> [EXERCISE INSTRUCTIONS]:
Beneath this line is the data. Output exactly the lines from the line with "using alpha fq_g[of" to the line with "by (intro well_aligned_negative_curvature_bound)", both ends included, and nothing more.

> [RECORD EXTRACTS]:
==*==
lemma well_aligned_large_gradient_bound:
  fixes P :: "real^'p^'n"
  assumes "well_aligned \<alpha> Pmax P G A" "\<epsilon> \<le> norm G" "\<alpha> < 1"
    and "norm (transpose P *v G - g) \<le> \<kappa> * D^2" "0 \<le> \<kappa>" "0 \<le> D" "D \<le> Dmax"
  shows "(1 - \<alpha>) * \<epsilon> \<le> norm g + \<kappa> * Dmax * D"
proof -
  have "(1 - \<alpha>) * \<epsilon> \<le> (1 - \<alpha>) * norm G"
    using assms(2,3) by simp
  also have "\<dots> \<le> norm (transpose P *v G)"
    using assms(1) by (simp add: well_aligned_def)
  also have "\<dots> \<le> norm g + \<kappa> * D^2"
    using assms(4) norm_triangle_ineq2[of "transpose P *v G" g] by linarith
  finally have "(1 - \<alpha>) * \<epsilon> \<le> norm g + \<kappa> * D^2" .
  moreover have "\<kappa> * D^2 \<le> \<kappa> * Dmax * D"
    using assms(5-7) by (simp add: power2_eq_square mult.assoc mult_left_mono mult_right_mono)
  ultimately show ?thesis
    by linarith
qed

lemma trust_radius_le_max:
  fixes \<Delta> :: "nat \<Rightarrow> real"
  assumes "\<Delta> 0 \<le> \<Delta>max" "\<gamma>dec \<le> 1" "\<And>j. 0 \<le> \<Delta> j"
    and update: "\<And>j. \<Delta> (Suc j) = min (\<gamma>inc * \<Delta> j) \<Delta>max \<or> \<Delta> (Suc j) = \<gamma>dec * \<Delta> j"
  shows "\<Delta> j \<le> \<Delta>max"
proof (induction j)
  case 0
  show ?case by (rule assms(1))
next
  case (Suc j)
  have "\<gamma>dec * \<Delta> j \<le> \<Delta> j"
    using mult_right_mono[OF assms(2) assms(3)[of j]] by simp
  with Suc update[of j] show ?case
    by auto
qed

lemma le_add_radius_imp_div_le:
  fixes a \<sigma> \<kappa> \<mu> D :: real
  assumes "a \<le> \<sigma> + \<kappa> * D" "\<mu> * D \<le> \<sigma>" "0 < \<mu>" "0 \<le> \<kappa>"
  shows "a / (1 + \<kappa> / \<mu>) \<le> \<sigma>"
proof -
  have "\<kappa> * D \<le> \<kappa> * (\<sigma> / \<mu>)"
    using assms(2-4) by (intro mult_left_mono) (simp_all add: le_divide_eq mult.commute)
  with assms(1) have "a \<le> \<sigma> * (1 + \<kappa> / \<mu>)"
    by (simp add: algebra_simps)
  moreover have "0 < 1 + \<kappa> / \<mu>"
    using assms(3,4) by (simp add: add_pos_nonneg)
  ultimately show ?thesis
    by (simp add: divide_le_eq)
qed

theorem lemma3p9:
  fixes f :: "real^'n \<Rightarrow> real"
    and grad :: "real^'n \<Rightarrow> real^'n"
    and hess :: "real^'n \<Rightarrow> real^'n^'n"
    and x :: "nat \<Rightarrow> real^'n"
    and P :: "nat \<Rightarrow> real^'p^'n"
    and g :: "nat \<Rightarrow> real^'p"
    and H :: "nat \<Rightarrow> real^'p^'p"
    and s :: "nat \<Rightarrow> real^'p"
    and \<Delta> :: "nat \<Rightarrow> real"
    and x0 :: "real^'n"
    and \<Delta>0 \<Delta>max \<gamma>dec \<gamma>inc \<eta> \<mu> \<kappa>ef \<kappa>eg \<kappa>eh flow LH M \<alpha> Pmax \<epsilon> :: real
    and k :: nat
  assumes dims: "CARD('p) \<le> CARD('n)"
    and f_deriv: "\<And>y. (f has_derivative (\<lambda>h. grad y \<bullet> h)) (at y)"
    and grad_deriv: "\<And>y. (grad has_derivative (\<lambda>h. hess y *v h)) (at y)"
    and hess_cont: "continuous_on UNIV hess"
    and hess_lip: "\<And>y z. mat_norm (hess y - hess z) \<le> LH * dist y z"
    and f_low: "\<And>y. flow \<le> f y"
    and M_pos: "M > 0"
    and hess_bd: "\<And>j. mat_norm (hess (x j)) \<le> M"
    and params: "0 < \<Delta>0" "\<Delta>0 \<le> \<Delta>max" "0 < \<gamma>dec" "\<gamma>dec < 1" "1 < \<gamma>inc"
                "0 < \<eta>" "\<eta> < 1" "0 < \<mu>"
    and kappas: "\<kappa>ef > 0" "\<kappa>eg > 0" "\<kappa>eh > 0"
    and init: "x 0 = x0" "\<Delta> 0 = \<Delta>0"
    and H_sym: "\<And>j. transpose (H j) = H j"
    and fq_f: "\<And>j sh. norm sh \<le> \<Delta> j \<Longrightarrow>
               \<bar>f (x j + P j *v sh) - qmodel (f (x j)) (g j) (H j) sh\<bar> \<le> \<kappa>ef * \<Delta> j ^ 3"
    and fq_g: "\<And>j sh. norm sh \<le> \<Delta> j \<Longrightarrow>
               norm (transpose (P j) *v grad (x j + P j *v sh) - (g j + H j *v sh)) \<le> \<kappa>eg * \<Delta> j ^ 2"
    and fq_h: "\<And>j sh. norm sh \<le> \<Delta> j \<Longrightarrow>
               mat_norm (transpose (P j) ** hess (x j + P j *v sh) ** P j - H j) \<le> \<kappa>eh * \<Delta> j"
    and step_bd: "\<And>j. norm (s j) \<le> \<Delta> j"
    and update: "\<And>j. if successful \<eta> \<mu> (f (x j)) (f (x j + P j *v s j)) (g j) (H j) (s j) (\<Delta> j)
                      then x (Suc j) = x j + P j *v s j \<and> \<Delta> (Suc j) = min (\<gamma>inc * \<Delta> j) \<Delta>max
                      else x (Suc j) = x j \<and> \<Delta> (Suc j) = \<gamma>dec * \<Delta> j"
    and alpha: "0 < \<alpha>" "\<alpha> < 1"
    and Pmax_pos: "Pmax > 0"
    and eps_pos: "\<epsilon> > 0"
    and theta_pos: "(1 - \<alpha>)^2 - 4 * M * (real (rank (hess (x k))) - 1) * \<alpha>^2 / (\<epsilon> * (1 - \<alpha>)^2) > 0"
    and aligned: "well_aligned \<alpha> Pmax (P k) (grad (x k)) (hess (x k))"
    and crit: "sigma_crit (grad (x k)) (hess (x k)) \<ge> \<epsilon>"
    and succ: "successful \<eta> \<mu> (f (x k)) (f (x k + P k *v s k)) (g k) (H k) (s k) (\<Delta> k)"
  shows "sigma_model (g k) (H k) \<ge>
     (min (1 - \<alpha>) (min ((1 - \<alpha>)^2)
        ((1 - \<alpha>)^2 - 4 * M * (real (rank (hess (x k))) - 1) * \<alpha>^2 / (\<epsilon> * (1 - \<alpha>)^2)))
      / (1 + max (\<kappa>eg * \<Delta>max) \<kappa>eh / \<mu>)) * \<epsilon>"
proof -
  define A where "A = hess (x k)"
  define \<sigma> where "\<sigma> = sigma_model (g k) (H k)"
  define \<kappa>\<sigma> where "\<kappa>\<sigma> = max (\<kappa>eg * \<Delta>max) \<kappa>eh"
  define \<theta> where "\<theta> = (1 - \<alpha>)^2 - 4 * M * (real (rank A) - 1) * \<alpha>^2 / (\<epsilon> * (1 - \<alpha>)^2)"
  define c where "c = min (1 - \<alpha>) (min ((1 - \<alpha>)^2) \<theta>)"
  have radius_nonneg: "0 \<le> \<Delta> j" for j
    using step_bd[of j] norm_ge_zero order_trans by blast
  have radius_le_max: "\<Delta> k \<le> \<Delta>max"
    using trust_radius_le_max[of \<Delta> \<Delta>max \<gamma>dec \<gamma>inc] init params radius_nonneg update
    by (metis order_less_imp_le)
  have "c * \<epsilon> \<le> \<sigma> + \<kappa>\<sigma> * \<Delta> k"
  proof (cases "\<epsilon> \<le> norm (grad (x k))")
    case True
    with aligned have "(1 - \<alpha>) * \<epsilon> \<le> norm (g k) + \<kappa>eg * \<Delta>max * \<Delta> k"
      using alpha fq_g[of 0 k] kappas radius_nonneg[of k] radius_le_max
      by (intro well_aligned_large_gradient_bound) auto
    moreover have "c * \<epsilon> \<le> (1 - \<alpha>) * \<epsilon>" "\<kappa>eg * \<Delta>max * \<Delta> k \<le> \<kappa>\<sigma> * \<Delta> k"
      using eps_pos radius_nonneg[of k] by (simp_all add: c_def \<kappa>\<sigma>_def mult_right_mono)
    ultimately show ?thesis
      by (simp add: \<sigma>_def sigma_model_def)
  next
    case False
    then have "lambda_min A \<le> - \<epsilon>"
      using crit eps_pos by (auto simp: sigma_crit_def tau_crit_def A_def)
    with aligned have "\<epsilon> * \<theta> \<le> - lambda_min (H k) + \<kappa>eh * \<Delta> k"
      unfolding \<theta>_def A_def
      using hess_bd[of k] eps_pos alpha H_sym[of k] fq_h[of 0 k] radius_nonneg[of k]
      by (intro well_aligned_negative_curvature_bound) auto
    moreover have "c * \<epsilon> \<le> \<theta> * \<epsilon>" "\<kappa>eh * \<Delta> k \<le> \<kappa>\<sigma> * \<Delta> k"
      using eps_pos radius_nonneg[of k] by (simp_all add: c_def \<kappa>\<sigma>_def mult_right_mono)
    ultimately show ?thesis
      by (simp add: \<sigma>_def sigma_model_def mult.commute)
  qed
  then have "c * \<epsilon> / (1 + \<kappa>\<sigma> / \<mu>) \<le> \<sigma>"
    using succ params kappas
    by (intro le_add_radius_imp_div_le[where D = "\<Delta> k"]) (auto simp: successful_def \<sigma>_def \<kappa>\<sigma>_def)
  then show ?thesis
    by (simp add: c_def \<theta>_def \<kappa>\<sigma>_def \<sigma>_def A_def)
qed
==*==
> [SOLUTION FOR THIS TASK]:
      using alpha fq_g[of 0 k] kappas radius_nonneg[of k] radius_le_max
      by (intro well_aligned_large_gradient_bound) auto
    moreover have "c * \<epsilon> \<le> (1 - \<alpha>) * \<epsilon>" "\<kappa>eg * \<Delta>max * \<Delta> k \<le> \<kappa>\<sigma> * \<Delta> k"
      using eps_pos radius_nonneg[of k] by (simp_all add: c_def \<kappa>\<sigma>_def mult_right_mono)
    ultimately show ?thesis
      by (simp add: \<sigma>_def sigma_model_def)
  next
    case False
    then have "lambda_min A \<le> - \<epsilon>"
      using crit eps_pos by (auto simp: sigma_crit_def tau_crit_def A_def)
    with aligned have "\<epsilon> * \<theta> \<le> - lambda_min (H k) + \<kappa>eh * \<Delta> k"
      unfolding \<theta>_def A_def
      using hess_bd[of k] eps_pos alpha H_sym[of k] fq_h[of 0 k] radius_nonneg[of k]
      by (intro well_aligned_negative_curvature_bound) auto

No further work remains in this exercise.